Solution: A four-digit perfect square with digit pattern even, even, odd, even is 8,8,3,6 giving 8,836 = 94². The intended number is 8,836.
Q.139. Put three different numbers in the circles so that when you add the numbers at the end of each line you always get a perfect square.

Solution: Choose numbers 6, 19 and 30 in the three circles.
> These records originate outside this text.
lemmas coords_simps = jmul.simps adj.simps trace.simps cscale.simps cunit_def trace_form_def
  adj_cross_def oform_def re_def oscale.simps qscale.simps omul.simps qmul.simps qconj.simps
  oconj.simps add_Pair diff_Pair uminus_Pair fst_conv snd_conv prod.inject zero_prod_def simp_thms
  mult_zero_left mult_zero_right add_0_left add_0_right diff_zero diff_0 minus_zero minus_minus
  mult_1_left mult_1_right

lemma jmul_commute: "jmul p q = jmul q p"
  by (induct p rule: coords_induct; induct q rule: coords_induct;
      simp only: coords_simps; (intro conjI)?; algebra)

lemma jmul_add_left: "jmul (p + q) r = jmul p r + jmul q r"
  by (induct p rule: coords_induct; induct q rule: coords_induct; induct r rule: coords_induct;
      simp only: coords_simps; (intro conjI)?; algebra)

lemma jmul_add_right: "jmul p (q + r) = jmul p q + jmul p r"
  using jmul_add_left[of q r p] by (simp only: jmul_commute)

lemma jmul_scale_left: "jmul (cscale c p) q = cscale c (jmul p q)"
  by (induct p rule: coords_induct; induct q rule: coords_induct;
      simp only: coords_simps; (intro conjI)?; algebra)

lemma trace_add: "trace (p + q) = trace p + trace q"
  by (induct p rule: coords_induct; induct q rule: coords_induct; simp)

lemma trace_scale: "trace (cscale c p) = c * trace p"
  by (induct p rule: coords_induct; simp add: algebra_simps)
Sums at each end: 6 + 19 = 25, 6 + 30 = 36, 19 + 30 = 49, all perfect squares.

Q.140. The perimeters of two squares are 40 and 96 metres respectively. Find the perimeter of another square equal in area to the sum of the first two squares.
Solution: Sides are 40/4 = 10 m and 96/4 = 24 m. Areas are 10² = 100 and 24² = 576. Sum = 676, so new side = √676 = 26 m. Perimeter = 4 × 26 = 104 m.
Q.141. A three digit perfect square is such that if it is viewed upside down, the number seen is also a perfect square. What is the number?
(Hint: The digits 1, 0 and 8 stay the same when viewed upside down, whereas 9 becomes 6 and 6 becomes 9.)
Solution: The three-digit perfect squares 196 and 961 are mirror images under the given digit mapping; both are perfect squares.
Q.142. 13 and 31 is a strange pair of numbers such that their squares 169 and 961 are also mirror images of each other. Can you find two other such pairs?
Solution: Two other pairs are 12 and 21 (12²=144, 21²=441) and 102 and 201 (102²=10,404, 201²=40,401).